As you can see above we sorted through our swapped list and printed the Top 5 hours for Ask posts comments. 15(3pm) has the most comments per hour with 38.5 followed by 2am with 23.8, then 20(8pm) with 21.5

In [14]:
for comment, hour in sorted_swap[:5]:
    each_hour = dt.datetime.strptime(hour, '%H').strftime('%H:%M')

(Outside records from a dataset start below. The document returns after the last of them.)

(* Let $\varphi$ be a 3SAT formula on variables $x_1,\dots,x_n$ in which every clause consists of exactly three literals on three distinct variables, and let $(X,\mathcal{F})$ be the game hypergraph constructed from $\varphi$ as described in the context. Then, in the strict Avoider-Enforcer game on $(X,\mathcal{F})$ in which Enforcer makes the first move, Avoider has a winning strategy if and only if $\varphi$ is satisfiable. (Note that $|X|=4n$ and every losing set has at most six elements.)
   Context: A (strict) Avoider-Enforcer game is given by a finite set $X$ (the board) and a family $\mathcal{F}$ of subsets of $X$ (the losing sets). Two players, Avoider and Enforcer, alternately claim one previously unclaimed element of $X$ per move until all elements of $X$ are claimed. Enforcer wins if Avoider has claimed all elements of some losing set $f\in\mathcal{F}$; otherwise Avoider wins. Construction from a 3SAT formula $\varphi$ on variables $x_1,\dots,x_n$ (each clause having exactly three literals on three distinct variables): the board is $X=\bigcup_{i=1}^n\{a_i,s_i,x_i,\overline{x_i}\}$, consisting of $4n$ distinct vertices; the set $B_i=\{a_i,s_i,x_i,\overline{x_i}\}$ is called box $i$. The vertices $x_i,\overline{x_i}$ are identified with the literals $x_i,\overline{x_i}$ of $\varphi$. The family $\mathcal{F}$ consists of (1) for each $i$, all four 3-element subsets of $B_i$; and (2) for each clause $C=\ell_i\lor\ell_j\lor\ell_k$ of $\varphi$, where $\ell_h\in\{x_h,\overline{x_h}\}$ for $h=i,j,k$, the set $L_C=\{s_i,s_j,s_k,\overline{\ell_i},\overline{\ell_j},\overline{\ell_k}\}$, where $\overline{\ell}$ denotes the negation of literal $\ell$ (with $\overline{\overline{x_h}}=x_h$). *)

theory Defs
  imports Main
begin

datatype player = Avoider | Enforcer

text \<open>Since the board is finite, the least fixed point captures exactly the existence of a
  winning strategy.\<close>
inductive aw :: "'a set \<Rightarrow> 'a set set \<Rightarrow> 'a set \<Rightarrow> 'a set \<Rightarrow> player \<Rightarrow> bool"
  for X :: "'a set" and F :: "'a set set" where
  game_over: "X \<subseteq> A \<union> E \<Longrightarrow> (\<forall>f\<in>F. \<not> f \<subseteq> A) \<Longrightarrow> aw X F A E p"
| avoider_move: "x \<in> X - (A \<union> E) \<Longrightarrow> aw X F (insert x A) E Enforcer
      \<Longrightarrow> aw X F A E Avoider"
| enforcer_move: "X - (A \<union> E) \<noteq> {}
      \<Longrightarrow> (\<forall>x \<in> X - (A \<union> E). aw X F A (insert x E) Avoider)
      \<Longrightarrow> aw X F A E Enforcer"

definition avoider_has_winning_strategy :: "'a set \<Rightarrow> 'a set set \<Rightarrow> player \<Rightarrow> bool" where
  "avoider_has_winning_strategy X F first \<longleftrightarrow> aw X F {} {} first"

text \<open>A literal is a pair (i, b): b = True means x_i, b = False means the negation of x_i.\<close>

type_synonym literal = "nat \<times> bool"
type_synonym clause = "literal \<times> literal \<times> literal"

fun clause_lits :: "clause \<Rightarrow> literal set" where
  "clause_lits (l1, l2, l3) = {l1, l2, l3}"

fun wf_clause :: "nat \<Rightarrow> clause \<Rightarrow> bool" where
  "wf_clause n ((i,_), (j,_), (k,_)) \<longleftrightarrow>
     i \<in> {1..n} \<and> j \<in> {1..n} \<and> k \<in> {1..n} \<and> i \<noteq> j \<and> i \<noteq> k \<and> j \<noteq> k"

definition wf_3sat :: "nat \<Rightarrow> clause list \<Rightarrow> bool" where
  "wf_3sat n \<phi> \<longleftrightarrow> (\<forall>C \<in> set \<phi>. wf_clause n C)"

definition lit_true :: "(nat \<Rightarrow> bool) \<Rightarrow> literal \<Rightarrow> bool" where
  "lit_true \<sigma> l \<longleftrightarrow> \<sigma> (fst l) = snd l"

definition satisfiable :: "clause list \<Rightarrow> bool" where
  "satisfiable \<phi> \<longleftrightarrow> (\<exists>\<sigma>. \<forall>C \<in> set \<phi>. \<exists>l \<in> clause_lits C. lit_true \<sigma> l)"

datatype vertex = VA nat | VS nat | VPos nat | VNeg nat

definition box :: "nat \<Rightarrow> vertex set" where
  "box i = {VA i, VS i, VPos i, VNeg i}"

fun lit_vertex :: "literal \<Rightarrow> vertex" where
  "lit_vertex (i, True) = VPos i"
| "lit_vertex (i, False) = VNeg i"

fun neg_lit :: "literal \<Rightarrow> literal" where
  "neg_lit (i, b) = (i, \<not> b)"

definition board :: "nat \<Rightarrow> vertex set" where
  "board n = (\<Union>i\<in>{1..n}. box i)"

fun clause_set :: "clause \<Rightarrow> vertex set" where
  "clause_set (l1, l2, l3) =
     {VS (fst l1), VS (fst l2), VS (fst l3),
      lit_vertex (neg_lit l1), lit_vertex (neg_lit l2), lit_vertex (neg_lit l3)}"

definition losing_sets :: "nat \<Rightarrow> clause list \<Rightarrow> vertex set set" where
  "losing_sets n \<phi> =
     {T. \<exists>i\<in>{1..n}. T \<subseteq> box i \<and> card T = 3} \<union> clause_set ` set \<phi>"

end

theory Submission
  imports Defs
begin

text \<open>If \<sigma> satisfies \<phi>, Avoider pairs up the vertices of every box according to \<sigma> and
  answers each move of Enforcer with its partner: every triple of a box and every clause set
  contains a pair, so Avoider never completes a losing set. Conversely, Avoider ends up with half
  of the board, so to avoid a triple he must take exactly two vertices of every box. Enforcer
  takes a_i in a fresh box and then only literal vertices there; this either leaves Enforcer
  ahead in some box, which is fatal for Avoider by counting, or makes Avoider end with s_i and
  exactly one literal vertex in every box. Those literal vertices form an assignment, and the
  clause it falsifies is a losing set completely claimed by Avoider.\<close>

lemma aw_pairing_strategy:
  assumes "finite X"
    and partner: "\<And>x. x \<in> X \<Longrightarrow> p x \<in> X \<and> p x \<noteq> x \<and> p (p x) = x"
    and losing_has_pair: "\<And>f. f \<in> F \<Longrightarrow> \<exists>x\<in>f. p x \<in> f"
  shows "aw X F {} {} Enforcer"
proof -
  have "aw X F A E Enforcer"
    if "A \<subseteq> X" "E \<subseteq> X" "A \<inter> E = {}" "p ` A \<subseteq> E" "p ` E \<subseteq> A" for A E
    using that
  proof (induction "card (X - (A \<union> E))" arbitrary: A E rule: less_induct)
    case less
    show ?case
    proof (cases "X \<subseteq> A \<union> E")
      case True
      have "\<not> f \<subseteq> A" if f: "f \<in> F" for f
      proof
        assume "f \<subseteq> A"
        moreover obtain x where "x \<in> f" "p x \<in> f" using losing_has_pair[OF f] by blast
        ultimately have "p x \<in> A \<inter> E" using less.prems(4) by blast
        with less.prems(3) show False by blast
      qed
      with True show ?thesis by (simp add: aw.game_over)
    next
      case False
      show ?thesis
      proof (rule aw.enforcer_move)
        show "X - (A \<union> E) \<noteq> {}" using False by blast
        show "\<forall>x\<in>X - (A \<union> E). aw X F A (insert x E) Avoider"
        proof
          fix x assume x: "x \<in> X - (A \<union> E)"
          have px: "p x \<in> X - (A \<union> insert x E)"
          proof -
            have "p x \<notin> A"
            proof
              assume "p x \<in> A"
              then have "p (p x) \<in> E" using less.prems(4) by blast
              with x partner[of x] show False by simp
            qed
            moreover have "p x \<notin> E"
            proof
              assume "p x \<in> E"
              then have "p (p x) \<in> A" using less.prems(5) by blast
              with x partner[of x] show False by simp
            qed
            ultimately show ?thesis using x partner[of x] by auto
          qed
          have "X - (insert (p x) A \<union> insert x E) \<subset> X - (A \<union> E)"
            using x by blast
          then have "card (X - (insert (p x) A \<union> insert x E)) < card (X - (A \<union> E))"
            using \<open>finite X\<close> by (simp add: psubset_card_mono)
          then have "aw X F (insert (p x) A) (insert x E) Enforcer"
          proof (rule less.hyps)
            show "insert (p x) A \<subseteq> X" "insert x E \<subseteq> X"
              using x px less.prems(1,2) by auto
            show "insert (p x) A \<inter> insert x E = {}"
              using x px less.prems(3) by auto
            show "p ` insert (p x) A \<subseteq> insert x E" "p ` insert x E \<subseteq> insert (p x) A"
              using x partner[of x] less.prems(4,5) by auto
          qed
          with px show "aw X F A (insert x E) Avoider" by (rule aw.avoider_move)
        qed
      qed
    qed
  qed
  then show ?thesis by simp
qed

    comment_per_hour = '{h}: {c:.2f} average comments per post'.format(h = each_hour, c = comment)
    print(comment_per_hour)
15:00: 38.59 average comments per post
02:00: 23.81 average comments per post
20:00: 21.52 average comments per post
16:00: 16.80 average comments per post
21:00: 16.01 average comments per post

After our analysis of the Hacker News dataset, we have concluded that the ideal time to post and have a higher chance of receiving comments is 15(or 3PM), followed by 2am(I really don't know why anyone would stay awake at this time to comment but some people do lol). 15 or 3pm is at the top with the most received comments on average but that could also be influenced by the fact that it's also the hour with the most post created(116 posts).